"Radit?!"
Fano segera membekap mulutnya sendiri ia mencari tempat yang pas untuk menguping setidaknya ia merasa lega karena orang yang selama ini dia cari baik baik saja.
Ketika hendak memposisikan telinga nya agar dapat mendengar, beberapa suster datang dan menyuruh Fano untuk minggir para suster tersebut masuk kedalam ruangan Radit.
Beberapa saat kemudian Pintu terbuka menampakan Wijaya,Dokter dan beberapa suster tersebut keluar sambil membawa bangsal Radit raut muka mereka terlihat panik,dan wajah Radit yang semakin pucat itu menambah kekhawatiran Fano beruntung Wijaya tak melihat Fano.
Mereka terus berjalan dan sampai pada ruangan tertutup dimana terlihat Wijaya yang dilarang masuk. Fano mendekati Wijaya yang sedang duduk dengan raut wajah resah.

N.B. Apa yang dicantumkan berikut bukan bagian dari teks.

text \<open>Closure under negation makes the code defined over \<open>F\<^sub>q\<close>, the run gives the BCH bound and
  the grid gives locality; \<open>k = G r + e + 1\<close> with \<open>e < r\<close> means \<open>G = \<lceil>k / r\<rceil> - 1\<close>.\<close>

theorem optimal_LRC_of_defining_set:
  fixes E :: "int set" and \<nu> m r \<delta> k d G e :: nat
  assumes "n = \<nu> * m" "m = r + \<delta> - 1" "r \<ge> 1" "\<delta> \<ge> 2"
    and negation_closed: "\<forall>t\<in>E. \<exists>t'\<in>E. t' mod int n = (- t) mod int n"
    and window: "E \<subseteq> {L..<L + int n}"
    and run: "\<forall>j<d - 1. s + int j \<in> E"
    and grid: "\<forall>j<\<delta> - 1. \<forall>h<\<nu>. s' + int j + int h * int m \<in> E"
    and card_E: "card E + k = n"
    and "k = G * r + e + 1" "e < r" "G < \<nu>"
    and d: "d + G * (\<delta> - 1) + k = n + 1"
  shows "optimal_LRC_with q n r \<delta> (cyc_code q n (rpow \<alpha> n ` E)) k d"
proof -
  define C where "C = cyc_code q n (rpow \<alpha> n ` E)"
  have "finite E"
    using window finite_subset by blast
  then have card_C: "card C = q ^ k"
    unfolding C_def using card_cyc_code frobenius_rpow_image[OF _ negation_closed]
      card_rpow_image[OF window] card_E by (metis add_diff_cancel_left' le_add1)
  have "m = r + (\<delta> - 1)"
    using assms(2,4) by simp
  then have "n - (G * m + e) = d"
    using assms(1,10) d by (simp add: add_mult_distrib2)
  then have "min_dist n C = d"
    using cyc_code_min_dist_le[OF assms(1,2,4) grid card_C[unfolded C_def] assms(10-12)]
      cyc_code_min_dist_ge[OF run] by (intro min_dist_eqI) (auto simp: C_def)
  moreover have "int d = int n - int k - (\<lceil>real k / real r\<rceil> - 1) * (int \<delta> - 1) + 1"
  proof -
    have "int d + int G * (int \<delta> - 1) + int k = int n + 1"
      using arg_cong[OF d, of int] assms(4) by (simp add: of_nat_diff)
    then show ?thesis
      using ceiling_divide_eq[OF assms(11), of G] assms(10) by simp
  qed
  moreover have "m > 0"
    using assms(2-4) by simp
  ultimately show ?thesis
    using card_C cyc_code_is_LRC[OF assms(1,2) _ grid]
    unfolding optimal_LRC_with_def C_def by blast
qed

"Pak Wijaya?" panggil Fano pelan.
Wijaya mendongakan kepalanya dia sedikit terkejut karena bertemu dengan Fano dirumah sakit.
"Ah! kamu...anaknya Adam?"
"Iya kita sudah 2 kali ketemu."
"Iya benar" jawab Wijaya sambil menundukkan kepalanya ada tetesan air yang terlihat jatuh saat dia menundukkan kepalanya lalu ia mengusapnya pelan dan kembali menatap Fano yang berdiri sambil memandangi pintu tempat Radit berada mata Fano terlihat berkaca kaca.
"Sini." Wijaya menepuk kursi disebelahnya bermaksud agar Fano duduk disebelahnya Fano mengangguk menurut.
"Radit selama ini sama om?" tanya Fano sendu.
"Gimana kabar Radit belakangan ini?" sambungnya.
"Sebelumnya baik." balas Wijaya singkat.
"Besok ulang tahun Ayah kamu ya?" tanya Wijaya.
"Kok om tau?" tanya Fano heran.
"Radit yang cerita dari kemarin yang dia ceritain cuman ayah kamu kayaknya dia sayang banget sama ayahnya dia bahkan selalu tanya kira kira ayah kamu lagi apa? apa dia sehat? padahal dirinya sendiri semakin bertambah hari semakin kurus...." Wijaya menjeda kalimatnya merasa bahwa jika ia lanjutkan air matanya akan kembali menetes, Wijaya menarik nafas dalam dalam sebelum melanjutkan kembali.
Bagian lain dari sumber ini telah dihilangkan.